De nouveaux combats dans l’Est de la République démocratique du Congo (RDC) ont entraîné la fuite de dizaines de milliers de civils, ce qui suscite une inquiétude croissante chez les instances humanitaires internationales.

"A moins que les violences ne s'arrêtent immédiatement, ce déplacement massif aura des conséquences désastreuses sur les populations civiles", a déclaré dimanche dans une annonce spéciale faite à New York, M. Jan Egeland, le coordonnateur des secours d’urgence de l’ONU. "C’est trop dangereux de leur apporter de l’aide en ce moment."

"Les populations des villages entiers - des dizaines des milliers de personnes - ont abandonné leurs habitations," selon le Bureau de l’ONU pour la coordination des affaires humanitaires (OCHA), que dirige Egeland.

OCHA a indiqué que les nouveaux déplacés venaient s’ajouter à plus de 30.000 autres qui avaient déjà fui les combats la semaine dernière à Kayabayonga, une ville de la province du Nord-Kivu, dans l’Est de la RDC.

Au moyen des vols de reconnaissance en hélicoptère, une mission initiée par OCHA et menée conjointement par le Bureau de l’aide humanitaire de la Commission Européenne et Agro Action Allemande, a pu évaluer la situation dans les villages de la province du Nord-Kivu et a constaté que, de Kanyabayonga à Lubero, 80 pour cent des villages se sont vidés de leurs habitants.
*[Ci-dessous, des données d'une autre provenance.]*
(* Let $n\ge1$. (i) Suppose $\mathcal{C}\subseteq\mathbb{F}_2^{n+1}$ is a union $\mathcal{C}=\bigcup_{i=0}^{\lfloor n/2\rfloor}\mathcal{C}_i$, where for each $i$, $\mathcal{C}_i$ is a covering design $\mathcal{C}(n+1,\,n+1-2i,\,n-2i)$ (a set of vectors of weight $n+1-2i$ such that every vector of weight $n-2i$ is covered by one of them). Then deleting any one fixed coordinate from all vectors of $\mathcal{C}$ yields a banded asymmetric covering $\mathcal{D}(n,1)$. (ii) Conversely, let $\mathcal{D}\subseteq\mathbb{F}_2^n$ be a banded asymmetric covering $\mathcal{D}(n,1)$. Append to each vector of $\mathcal{D}$ a final bit $0$ or $1$ chosen so that the resulting vector of length $n+1$ has even co-weight. Then, for each $0\le i\le\lfloor n/2\rfloor$, the resulting vectors of weight $n+1-2i$ form a covering design $\mathcal{C}(n+1,n+1-2i,n-2i)$.
   Context: Subsets are identified with indicator vectors; weight is Hamming weight and the co-weight of $u\in\mathbb{F}_2^n$ is $n-\mathrm{wt}(u)$. A vector $u$ covers $v$ if the support of $v$ is contained in that of $u$. An asymmetric covering $\mathcal{D}(n,1)$ is a set $\mathcal{D}\subseteq\mathbb{F}_2^n$ such that every $v\in\mathbb{F}_2^n$ either lies in $\mathcal{D}$ or is covered by some $u\in\mathcal{D}$ with $\mathrm{wt}(u)=\mathrm{wt}(v)+1$. It is banded if every $v\in\mathbb{F}_2^n$ of odd co-weight is covered by some $u\in\mathcal{D}$ with $\mathrm{wt}(u)=\mathrm{wt}(v)+1$. A covering design $\mathcal{C}(v,k,t)$ is a collection of $k$-subsets of a $v$-set such that every $t$-subset is contained in at least one of them. *)

theory Defs
  imports Main
begin

text \<open>Vectors of F_2^n are identified with their supports, i.e. subsets of {0..<n}.
  Weight = card, co-weight = n - card, u covers v iff v \<subseteq> u.\<close>

definition asym_covering :: "nat \<Rightarrow> nat set set \<Rightarrow> bool" where
  "asym_covering n D \<longleftrightarrow> D \<subseteq> Pow {0..<n} \<and>
     (\<forall>v. v \<subseteq> {0..<n} \<longrightarrow> v \<in> D \<or> (\<exists>u\<in>D. v \<subseteq> u \<and> card u = card v + 1))"

definition banded :: "nat \<Rightarrow> nat set set \<Rightarrow> bool" where
  "banded n D \<longleftrightarrow>
     (\<forall>v. v \<subseteq> {0..<n} \<longrightarrow> odd (n - card v) \<longrightarrow> (\<exists>u\<in>D. v \<subseteq> u \<and> card u = card v + 1))"

definition covering_design :: "nat \<Rightarrow> nat \<Rightarrow> nat \<Rightarrow> nat set set \<Rightarrow> bool" where
  "covering_design v k t C \<longleftrightarrow> (\<forall>B\<in>C. B \<subseteq> {0..<v} \<and> card B = k) \<and>
     (\<forall>T. T \<subseteq> {0..<v} \<and> card T = t \<longrightarrow> (\<exists>B\<in>C. T \<subseteq> B))"

definition delete_coord :: "nat \<Rightarrow> nat set \<Rightarrow> nat set" where
  "delete_coord j u = (\<lambda>x. if x < j then x else x - 1) ` (u - {j})"

definition extend_even :: "nat \<Rightarrow> nat set \<Rightarrow> nat set" where
  "extend_even n u = (if even (n + 1 - card u) then u else insert n u)"

end

theory Submission
  imports Defs
begin

text \<open>A vector \<open>v\<close> of weight \<open>w\<close> in \<open>F_2^n\<close> has co-weight \<open>n - w\<close>. Re-inserting the
  deleted coordinate \<open>j\<close> with the bit that makes the co-weight even gives a vector of weight
  \<open>n - 2i\<close>, \<open>i = (n - w) div 2\<close>, which the design \<open>C(n+1, n+1-2i, n-2i)\<close> covers. Deleting
  \<open>j\<close> from the covering block again: if the inserted bit was \<open>1\<close>, the image covers \<open>v\<close> one
  weight up (the banded condition for odd co-weight); if it was \<open>0\<close>, the image is \<open>v\<close> itself
  or covers it one weight up. Conversely, extending by the parity bit turns the covering
  vectors of a banded asymmetric covering into blocks one weight above the vectors they cover,
  with last bit \<open>1\<close> exactly when the covered vector has one there or lies in the covering itself.\<close>

definition insert_coord :: "nat \<Rightarrow> nat set \<Rightarrow> nat set" where
  "insert_coord j v = (\<lambda>x. if x < j then x else Suc x) ` v"

lemma insert_coord_subset: "v \<subseteq> {0..<n} \<Longrightarrow> insert_coord j v \<subseteq> {0..<n + 1}"
  unfolding insert_coord_def by auto

lemma notin_insert_coord: "j \<notin> insert_coord j v"
  unfolding insert_coord_def by auto

lemma card_insert_coord: "card (insert_coord j v) = card v"
  unfolding insert_coord_def by (rule card_image) (auto simp: inj_on_def split: if_splits)

lemma card_insert_insert_coord:
  assumes "finite v" shows "card (insert j (insert_coord j v)) = card v + 1"
proof -
  have "finite (insert_coord j v)" unfolding insert_coord_def using assms by simp
  then show ?thesis by (simp add: notin_insert_coord card_insert_coord)
qed

lemma delete_coord_insert_coord: "delete_coord j (insert_coord j v) = v"
proof -
  have no_j: "insert_coord j v - {j} = insert_coord j v"
    using notin_insert_coord by blast
  have inverse: "(\<lambda>x::nat. if x < j then x else x - 1) \<circ> (\<lambda>x. if x < j then x else Suc x) = id"
    by (auto simp: fun_eq_iff)
  show ?thesis
    unfolding delete_coord_def no_j unfolding insert_coord_def image_comp inverse by simp
qed

lemma delete_coord_insert: "delete_coord j (insert j u) = delete_coord j u"
  unfolding delete_coord_def by simp

lemma delete_coord_mono: "A \<subseteq> B \<Longrightarrow> delete_coord j A \<subseteq> delete_coord j B"
  unfolding delete_coord_def by auto

lemma card_delete_coord: "card (delete_coord j B) = card (B - {j})"
  unfolding delete_coord_def by (rule card_image) (auto simp: inj_on_def split: if_splits)

lemma delete_coord_subset: "B \<subseteq> {0..<n + 1} \<Longrightarrow> j < n + 1 \<Longrightarrow> delete_coord j B \<subseteq> {0..<n}"
  unfolding delete_coord_def by (auto split: if_splits)

lemma covering_design_blockD:
  "covering_design v k t C \<Longrightarrow> B \<in> C \<Longrightarrow> B \<subseteq> {0..<v} \<and> finite B \<and> card B = k"
  unfolding covering_design_def by (meson finite_atLeastLessThan finite_subset)

lemma covering_designE:
  assumes "covering_design v k t C" "T \<subseteq> {0..<v}" "card T = t"
  obtains B where "B \<in> C" "T \<subseteq> B"
  using assms unfolding covering_design_def by blast

lemma covering_design_delete_coord_same_weight:
  assumes C: "covering_design (n + 1) (t + 1) t C" and j: "j < n + 1"
    and v: "v \<subseteq> {0..<n}" "card v = t"
  shows "\<exists>B\<in>C. delete_coord j B = v \<or> (v \<subseteq> delete_coord j B \<and> card (delete_coord j B) = t + 1)"
proof -
  have "card (insert_coord j v) = t" using card_insert_coord v(2) by simp
  then obtain B where B: "B \<in> C" "insert_coord j v \<subseteq> B"
    using covering_designE[OF C insert_coord_subset[OF v(1)]] by blast
  have fin: "finite B" and card_B: "card B = t + 1"
    using covering_design_blockD[OF C B(1)] by auto
  show ?thesis
  proof (cases "j \<in> B")
    case True
    have sub: "insert j (insert_coord j v) \<subseteq> B" using True B(2) by blast
    have "finite v" using v(1) finite_subset by blast
    then have "card (insert j (insert_coord j v)) = card B"
      using card_insert_insert_coord v(2) card_B by simp
    then have "insert j (insert_coord j v) = B" using card_subset_eq[OF fin sub] by blast
    then have "delete_coord j B = v"
      using delete_coord_insert delete_coord_insert_coord by metis
    then show ?thesis using B(1) by blast
  next
    case False
    have "v \<subseteq> delete_coord j B"
      using delete_coord_mono[OF B(2)] delete_coord_insert_coord by metis
    moreover have "card (delete_coord j B) = t + 1"
      using False card_B by (simp add: card_delete_coord)
    ultimately show ?thesis using B(1) by blast
  qed
qed

lemma covering_design_delete_coord_next_weight:
  assumes C: "covering_design (n + 1) (t + 1) t C" and j: "j < n + 1"
    and v: "v \<subseteq> {0..<n}" "card v + 1 = t"
  shows "\<exists>B\<in>C. v \<subseteq> delete_coord j B \<and> card (delete_coord j B) = card v + 1"
proof -
  have "finite v" using v(1) finite_subset by blast
  then have "card (insert j (insert_coord j v)) = t" using card_insert_insert_coord v(2) by simp
  moreover have "insert j (insert_coord j v) \<subseteq> {0..<n + 1}" using insert_coord_subset[OF v(1)] j by simp
  ultimately obtain B where B: "B \<in> C" "insert j (insert_coord j v) \<subseteq> B"
    using covering_designE[OF C] by blast
  have "v \<subseteq> delete_coord j B"
    using delete_coord_mono[OF B(2)] delete_coord_insert delete_coord_insert_coord by metis
  moreover have "card (delete_coord j B) = card v + 1"
    using covering_design_blockD[OF C B(1)] B(2) v(2) by (simp add: card_delete_coord)
  ultimately show ?thesis using B(1) by blast
qed

lemma co_weight_band:
  fixes w n :: nat
  assumes "w \<le> n"
  shows "(n - w) div 2 \<le> n div 2"
    and "n - 2 * ((n - w) div 2) = (if even (n - w) then w else w + 1)"
proof -
  show "(n - w) div 2 \<le> n div 2" by (simp add: div_le_mono)
  show "n - 2 * ((n - w) div 2) = (if even (n - w) then w else w + 1)"
    using assms by presburger
qed

lemma delete_coord_covering_designs:
  assumes cov: "\<forall>i \<le> n div 2. covering_design (n + 1) (n + 1 - 2 * i) (n - 2 * i) (Cs i)"
    and j: "j < n + 1"
  defines "D \<equiv> delete_coord j ` (\<Union>i \<in> {..n div 2}. Cs i)"
  shows "asym_covering n D \<and> banded n D"
proof -
  have cov_band: "covering_design (n + 1) (n - 2 * i + 1) (n - 2 * i) (Cs i)" if "i \<le> n div 2" for i
  proof -
    have "n + 1 - 2 * i = n - 2 * i + 1" using that by simp
    then show ?thesis using cov[rule_format, OF that] by simp
  qed
  have "D \<subseteq> Pow {0..<n}"
  proof
    fix u assume "u \<in> D"
    then obtain i B where "i \<le> n div 2" "B \<in> Cs i" "u = delete_coord j B"
      unfolding D_def by blast
    then show "u \<in> Pow {0..<n}"
      using covering_design_blockD[OF cov_band] delete_coord_subset[OF _ j] by blast
  qed
  moreover have "v \<in> D \<or> (\<exists>u\<in>D. v \<subseteq> u \<and> card u = card v + 1)"
    and "odd (n - card v) \<Longrightarrow> \<exists>u\<in>D. v \<subseteq> u \<and> card u = card v + 1"
    if v: "v \<subseteq> {0..<n}" for v
  proof -
    define i where "i = (n - card v) div 2"
    have "card v \<le> n" using card_mono[OF finite_atLeastLessThan v] by simp
    then have i: "i \<le> n div 2" and band: "n - 2 * i = (if even (n - card v) then card v else card v + 1)"
      using co_weight_band unfolding i_def by blast+
    have C: "covering_design (n + 1) (n - 2 * i + 1) (n - 2 * i) (Cs i)" using cov_band[OF i] .
    have image_D: "delete_coord j B \<in> D" if "B \<in> Cs i" for B
      using i that unfolding D_def by blast
    show odd_case: "\<exists>u\<in>D. v \<subseteq> u \<and> card u = card v + 1" if "odd (n - card v)"
    proof -
      have "card v + 1 = n - 2 * i" using band that by simp
      then obtain B where "B \<in> Cs i" "v \<subseteq> delete_coord j B" "card (delete_coord j B) = card v + 1"
        using covering_design_delete_coord_next_weight[OF C j v] by blast
      then show ?thesis using image_D by blast
    qed
    show "v \<in> D \<or> (\<exists>u\<in>D. v \<subseteq> u \<and> card u = card v + 1)"
    proof (cases "even (n - card v)")
      case True
      then have "card v = n - 2 * i" using band by simp
      then obtain B where "B \<in> Cs i"
        "delete_coord j B = v \<or> (v \<subseteq> delete_coord j B \<and> card (delete_coord j B) = card v + 1)"
        using covering_design_delete_coord_same_weight[OF C j v] by auto
      then show ?thesis using image_D by metis
    next
      case False
      then show ?thesis using odd_case by blast
    qed
  qed
  ultimately show ?thesis unfolding asym_covering_def banded_def by blast
qed

lemma extend_even_subset: "u \<subseteq> {0..<n} \<Longrightarrow> extend_even n u \<subseteq> {0..<n + 1}"
  unfolding extend_even_def by auto

lemma extend_even_covering_design:
  assumes D: "asym_covering n D" "banded n D" and t: "t \<le> n" "even (n - t)"
  shows "covering_design (n + 1) (t + 1) t {w \<in> extend_even n ` D. card w = t + 1}"
    (is "covering_design _ _ _ ?C")
proof -
  have D_sub: "u \<subseteq> {0..<n}" if "u \<in> D" for u
    using D(1) that unfolding asym_covering_def by blast
  have in_blocks: "extend_even n u \<in> ?C" if "u \<in> D" "card (extend_even n u) = t + 1" for u
    using that by blast
  have covered: "\<exists>B\<in>?C. T \<subseteq> B" if T: "T \<subseteq> {0..<n + 1}" "card T = t" for T
  proof (cases "n \<in> T")
    case False
    then have "T \<subseteq> {0..<n}" using T(1) by (auto simp: less_Suc_eq subset_iff)
    then consider "T \<in> D" | u where "u \<in> D" "T \<subseteq> u" "card u = t + 1"
      using D(1) T(2) unfolding asym_covering_def by blast
    then show ?thesis
    proof cases
      case 1
      have "finite T" using T(1) finite_subset by blast
      then have "extend_even n T = insert n T" "card (insert n T) = t + 1"
        using False T(2) t unfolding extend_even_def by auto
      then have "insert n T \<in> ?C" using in_blocks[OF 1] by simp
      then show ?thesis by blast
    next
      case 2
      then have "extend_even n u = u" using t unfolding extend_even_def by auto
      then have "u \<in> ?C" using in_blocks[OF 2(1)] 2(3) by simp
      then show ?thesis using 2(2) by blast
    qed
  next
    case True
    have fin: "finite T" using T(1) finite_subset by blast
    then have "card (T - {n}) + 1 = t" using card_Suc_Diff1[OF fin True] T(2) by simp
    then have "odd (n - card (T - {n}))" using t by presburger
    moreover have "T - {n} \<subseteq> {0..<n}" using T(1) by auto
    ultimately have "\<exists>u\<in>D. T - {n} \<subseteq> u \<and> card u = card (T - {n}) + 1"
      using D(2) unfolding banded_def by blast
    then obtain u where u: "u \<in> D" "T - {n} \<subseteq> u" "card u = t"
      using \<open>card (T - {n}) + 1 = t\<close> by auto
    have "n \<notin> u" "finite u" using D_sub[OF u(1)] finite_subset by auto
    then have "extend_even n u = insert n u" "card (insert n u) = t + 1"
      using u(3) t unfolding extend_even_def by auto
    then have "insert n u \<in> ?C" using in_blocks[OF u(1)] by simp
    moreover have "T \<subseteq> insert n u" using u(2) by blast
    ultimately show ?thesis by blast
  qed
  have "B \<subseteq> {0..<n + 1} \<and> card B = t + 1" if "B \<in> ?C" for B
    using that extend_even_subset D_sub by blast
  with covered show ?thesis unfolding covering_design_def by blast
qed

theorem theorem3:
  fixes n :: nat
  assumes "n \<ge> 1"
  shows "(\<forall>(Cs :: nat \<Rightarrow> nat set set) j.
            (\<forall>i \<le> n div 2. covering_design (n + 1) (n + 1 - 2 * i) (n - 2 * i) (Cs i)) \<and> j < n + 1
            \<longrightarrow> (let D = delete_coord j ` (\<Union>i \<in> {..n div 2}. Cs i)
                 in asym_covering n D \<and> banded n D))
       \<and> (\<forall>D. asym_covering n D \<and> banded n D \<longrightarrow>
            (\<forall>i \<le> n div 2. covering_design (n + 1) (n + 1 - 2 * i) (n - 2 * i)
                 {w \<in> extend_even n ` D. card w = n + 1 - 2 * i}))"
proof (intro conjI allI impI)
  fix Cs :: "nat \<Rightarrow> nat set set" and j
  assume "(\<forall>i \<le> n div 2. covering_design (n + 1) (n + 1 - 2 * i) (n - 2 * i) (Cs i)) \<and> j < n + 1"
  then show "let D = delete_coord j ` (\<Union>i \<in> {..n div 2}. Cs i) in asym_covering n D \<and> banded n D"
    unfolding Let_def using delete_coord_covering_designs by blast
next
  fix D i
  assume D: "asym_covering n D \<and> banded n D" and "i \<le> n div 2"
  then have "n - 2 * i \<le> n" "even (n - (n - 2 * i))" "n + 1 - 2 * i = n - 2 * i + 1"
    by auto
  then show "covering_design (n + 1) (n + 1 - 2 * i) (n - 2 * i)
               {w \<in> extend_even n ` D. card w = n + 1 - 2 * i}"
    using extend_even_covering_design[of n D "n - 2 * i"] D by simp
qed

end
"Quelques déplacés ont été repérés sur la route principale », a dit OCHA. « Des témoins rapportent que la population s’est réfugiée dans les forêts, craignant des attaques dans le secteur."

La semaine dernière, les combats se sont intensifiés au Nord-Kivu, entre les troupes de l’armée congolaise qui sont venues de la capitale, Kinshasa, et les soldats de la 8ème Région militaire, qui sont perçus comme des éléments du Rassemblement Congolais pour la Démocratie (RCD), un ancien mouvement rebelle basé à Goma, le chef-lieu de la province.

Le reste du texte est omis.